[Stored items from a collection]
((

lemma extreme_point_in_convex_hull_subset:
  assumes "a extreme_point_of (convex hull X)" "F \<subseteq> X" "a \<in> convex hull F"
  shows "a \<in> F"
proof -
  have "convex hull F \<subseteq> convex hull X"
    using assms(2) by (rule hull_mono)
  then have "a extreme_point_of (convex hull F)"
    using assms(1,3) by (auto simp: extreme_point_of_def)
  then show ?thesis
    by (rule extreme_point_of_convex_hull)
qed

lemma collinear_subset_closed_segment_extreme_points:
  fixes X :: "'a::euclidean_space set"
  assumes "collinear X" "a \<noteq> b"
    and "a extreme_point_of (convex hull X)" "b extreme_point_of (convex hull X)"
  shows "X \<subseteq> closed_segment a b"
proof
  fix x assume "x \<in> X"
  have "a \<in> X" "b \<in> X"
    using assms(3,4) extreme_point_of_convex_hull by blast+
  have not_between: "p \<notin> open_segment q y"
    if "p extreme_point_of (convex hull X)" "q \<in> X" "y \<in> X" for p q y
    using that hull_subset[of X convex] by (auto simp: extreme_point_of_def)
  have "{a, b, x} \<subseteq> X"
    using \<open>a \<in> X\<close> \<open>b \<in> X\<close> \<open>x \<in> X\<close> by blast
  then have "collinear {a, b, x}"
    using assms(1) collinear_subset by blast
  then consider "a \<in> closed_segment b x" | "b \<in> closed_segment x a" | "x \<in> closed_segment a b"
    by (auto simp: collinear_between_cases between_mem_segment)
  then show "x \<in> closed_segment a b"
  proof cases
    case 1
    then have "a = x"
      using not_between[OF assms(3) \<open>b \<in> X\<close> \<open>x \<in> X\<close>] assms(2) by (auto simp: open_segment_def)
    then show ?thesis by simp
  next
    case 2
    then have "b = x"
      using not_between[OF assms(4) \<open>x \<in> X\<close> \<open>a \<in> X\<close>] assms(2) by (auto simp: open_segment_def)
    then show ?thesis by simp
  qed
qed

lemma farthest_points_subset_segment_ends:
  fixes X :: "'a::euclidean_space set"
  assumes "finite X" "X \<subseteq> closed_segment a b" "a \<in> X" "b \<in> X"
  shows "farthest_points X s \<subseteq> {a, b}"
proof
  fix x assume x: "x \<in> farthest_points X s"
  show "x \<in> {a, b}"
  proof (rule ccontr)
    assume "x \<notin> {a, b}"
    then have "x \<in> open_segment a b"
      using x assms(2) by (auto simp: farthest_points_def open_segment_def)
    then have "dist s x < dist s a \<or> dist s x < dist s b"
      by (rule dist_decreases_open_segment)
    moreover have "dist s a \<le> max_dist X s" "dist s b \<le> max_dist X s"
      using assms(1,3,4) by simp_all
    ultimately show False
      using x by (auto simp: farthest_points_def)
  qed
qed

lemma subset_pair_eq_if_open_segment_in_convex_hull:
  fixes a b s :: "'a::real_vector"
  assumes "F \<subseteq> {a, b}" "s \<in> open_segment a b" "s \<in> convex hull F"
  shows "F = {a, b}"
proof -
  have "s \<noteq> a" "s \<noteq> b"
    using assms(2) unfolding open_segment_def by blast+
  have single: "s = q" if "F \<subseteq> {q}" for q
    using assms(3) hull_mono[OF that, of convex] by auto
  have "a \<in> F" "b \<in> F"
    using single[of a] single[of b] assms(1) \<open>s \<noteq> a\<close> \<open>s \<noteq> b\<close> by blast+
  then show ?thesis
    using assms(1) by auto
qed

lemma collinear_simplex_subset_farthest_points:
  fixes X D :: "'a::euclidean_space set"
  assumes "finite X" "collinear X" "\<And>a. a \<in> D \<Longrightarrow> a extreme_point_of (convex hull X)"
    and "\<not> affine_dependent D" "s \<in> rel_interior (convex hull D)"
    and "s \<in> convex hull (farthest_points X s)"
  shows "D \<subseteq> farthest_points X s"
proof -
  have "D \<subseteq> X"
    using assms(3) extreme_point_of_convex_hull by blast
  have "aff_dim D \<le> 1"
    using aff_dim_subset[OF \<open>D \<subseteq> X\<close>] assms(2) by (simp add: collinear_aff_dim)
  moreover have "card D \<noteq> 0"
    using assms(5) aff_independent_finite[OF assms(4)] by auto
  ultimately have "card D = 1 \<or> card D = 2"
    using aff_dim_affine_independent[OF assms(4)] by linarith
  then consider a where "D = {a}" | a b where "D = {a, b}" "a \<noteq> b"
    by (auto simp: card_1_singleton_iff card_2_iff)
  then show ?thesis
  proof cases
    case 1
    then have "s = a"
      using assms(5) by simp
    then show ?thesis
      using extreme_point_in_convex_hull_subset[OF assms(3) farthest_points_subset] assms(6) 1
      by auto
  next
    case 2
    then have "s \<in> open_segment a b"
      using assms(5) by (simp add: segment_convex_hull[symmetric] rel_interior_closed_segment)
    moreover have "X \<subseteq> closed_segment a b"
      using collinear_subset_closed_segment_extreme_points assms(2,3) 2 by blast
    then have "farthest_points X s \<subseteq> {a, b}"
      using farthest_points_subset_segment_ends assms(1) \<open>D \<subseteq> X\<close> 2 by blast
    ultimately have "farthest_points X s = {a, b}"
      using assms(6) by (intro subset_pair_eq_if_open_segment_in_convex_hull)
    then show ?thesis
      using 2 by simp
  qed
qed
fun descending_runs :: "nat \<Rightarrow> nat \<Rightarrow> nat list" where
  "descending_runs n 0 = []"
| "descending_runs n (Suc k) = rev [n - 1 - k..<n] @ descending_runs n k"

text \<open>The walk \<open>1 2 (n-1 \<dots> 2) (n-1 \<dots> 3) \<dots> (n-1) 2\<close> visits each \<open>v \<ge> 3\<close> exactly \<open>v - 2\<close>
  times, never at an end, giving it walk degree \<open>2(v - 2)\<close>.\<close>

definition K_walk :: "nat \<Rightarrow> nat list" where
  "K_walk n = [1, 2] @ descending_runs n (n - 3) @ [2]"

definition K_walk_deg :: "nat \<Rightarrow> nat" where
  "K_walk_deg v = (if v = 0 then 0 else if v = 1 then 1 else if v = 2 then 3 else 2 * (v - 2))"

lemma set_descending_runs: "set (descending_runs n k) \<subseteq> {n - k..<n}"
  by (induction k) (auto dest!: subsetD)

lemma descending_runs_hd_last:
  assumes "1 \<le> k" "k < n"
  shows "descending_runs n k \<noteq> []
    \<and> hd (descending_runs n k) = n - 1 \<and> last (descending_runs n k) = n - 1"
  using assms
proof (induction k)
  case (Suc k)
  then show ?case
    by (cases "k = 0") (auto simp: hd_rev last_rev)
qed simp
theorem lemma3:
  fixes Q :: "'q set" and Tpos Tzero :: "'q trans set"
    and sigp sigm :: "'q set \<Rightarrow> 'q trans list"
    and \<alpha> \<beta> :: "'q conf" and \<rho> :: "'q path" and k :: nat
    and rhos :: "nat \<Rightarrow> 'q path" and L N :: "nat set"
    and Si Ti :: "nat \<Rightarrow> 'q set"
    and pref up cap down suff :: "nat \<Rightarrow> 'q path" and a b :: "nat \<Rightarrow> nat"
  assumes wf: "wf_ocs Q Tpos Tzero"
    and choice: "valid_choice Q Tpos sigp sigm"
    and \<alpha>: "fst \<alpha> \<in> Q" "snd \<alpha> = 0"
    and \<beta>: "fst \<beta> \<in> Q" "snd \<beta> = 0"
    and \<rho>_path: "is_path Tpos Tzero \<rho>" "psource \<rho> = \<alpha>" "ptarget \<rho> = \<beta>"
    and \<rho>_min: "\<forall>\<rho>'. is_path Tpos Tzero \<rho>' \<and> psource \<rho>' = \<alpha> \<and> ptarget \<rho>' = \<beta>
                  \<longrightarrow> zero_count \<rho> \<le> zero_count \<rho>'"
    and \<rho>_split: "\<rho> = (\<alpha>, concat (map (\<lambda>i. snd (rhos i)) [1..<Suc k]))"
    and arcs: "\<forall>i \<in> {1..k}. is_arc Tpos Tzero (rhos i)"
    and chain_first: "k \<ge> 1 \<longrightarrow> psource (rhos 1) = \<alpha>"
    and chain: "\<forall>i. 1 \<le> i \<and> i < k \<longrightarrow> ptarget (rhos i) = psource (rhos (Suc i))"
    and chain_last: "k \<ge> 1 \<longrightarrow> ptarget (rhos k) = \<beta>"
    and partition: "L \<union> N = {1..k}" "L \<inter> N = {}"
    and lowarcs: "\<forall>i \<in> L. low (card Q) (rhos i) \<and>
         (\<forall>\<rho>'. is_arc Tpos Tzero \<rho>' \<and> low (card Q) \<rho>' \<and>
                psource \<rho>' = psource (rhos i) \<and> ptarget \<rho>' = ptarget (rhos i)
                \<longrightarrow> plen (rhos i) \<le> plen \<rho>')"
    and normals: "\<forall>i \<in> N. good_normal_decomp Q Tpos Tzero sigp sigm (Si i) (Ti i) (rhos i)
                     (pref i) (up i) (cap i) (down i) (suff i) (a i) (b i)"
  shows "(\<Sum>i\<in>L. plen (rhos i)) + (\<Sum>i\<in>N. plen (pref i) + plen (suff i)) \<le> 5 * (card Q)^2"
proof -
  have split: "\<rho> = chain_path \<alpha> rhos k" and ch: "chained \<alpha> rhos k"
    using \<rho>_split chain_first chain by (simp_all add: chain_path_def chained_def)
  have fin: "finite L" "finite N" using partition(1) by (metis finite_Un finite_atLeastAtMost)+
  define C where "C i = (if i \<in> L then set (butlast (confs (rhos i)))
    else set (butlast (confs (pref i)) @ butlast (confs (suff i))))" for i
  have C_L: "card (C i) = plen (rhos i) \<and> C i \<subseteq> set (butlast (confs (rhos i)))
      \<and> (\<forall>c \<in> C i. snd c < 5 * card Q)" if i: "i \<in> L" for i
  proof -
    have "low (card Q) (rhos i)" "distinct (butlast (confs (rhos i)))"
      using distinct_butlast_confs_minimal_low_arc lowarcs arcs partition i by blast+
    with i show ?thesis by (auto simp: C_def distinct_card low_def dest: in_set_butlastD)
  qed
  have C_N: "card (C i) = plen (pref i) + plen (suff i) \<and> C i \<subseteq> set (butlast (confs (rhos i)))
      \<and> (\<forall>c \<in> C i. snd c < 5 * card Q)" if i: "i \<in> N" for i
    using pref_suff_confs_normal_decomp[OF normals[rule_format, OF i]] i partition(2)
    by (auto simp: C_def)
  have "C i \<subseteq> set (butlast (confs (rhos i))) \<and> (\<forall>c \<in> C i. snd c < 5 * card Q)"
    if "i \<in> {1..k}" for i
    using that partition(1) C_L[of i] C_N[of i] by blast
  moreover have "is_path Tpos Tzero (chain_path \<alpha> rhos k)"
    and "\<forall>\<rho>'. is_path Tpos Tzero \<rho>' \<and> psource \<rho>' = \<alpha> \<and> ptarget \<rho>' = ptarget (chain_path \<alpha> rhos k)
      \<longrightarrow> zero_count (chain_path \<alpha> rhos k) \<le> zero_count \<rho>'"
    using \<rho>_path \<rho>_min split by simp_all
  ultimately have "(\<Sum>i\<in>{1..k}. card (C i)) \<le> card Q * (5 * card Q)"
    using sum_card_selected_confs_chain_path_le[OF wf \<alpha>(1) _ _ ch arcs] by blast
  moreover have "(\<Sum>i\<in>{1..k}. card (C i)) = (\<Sum>i\<in>L. card (C i)) + (\<Sum>i\<in>N. card (C i))"
    using sum.union_disjoint[OF fin partition(2)] partition(1) by simp
  moreover have "\<dots> = (\<Sum>i\<in>L. plen (rhos i)) + (\<Sum>i\<in>N. plen (pref i) + plen (suff i))"
    using C_L C_N by simp
  ultimately show ?thesis by (simp add: power2_eq_square)
qed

))

> Work item
Find how many lines above include "notin"; reply with the number only.

> Answer space
2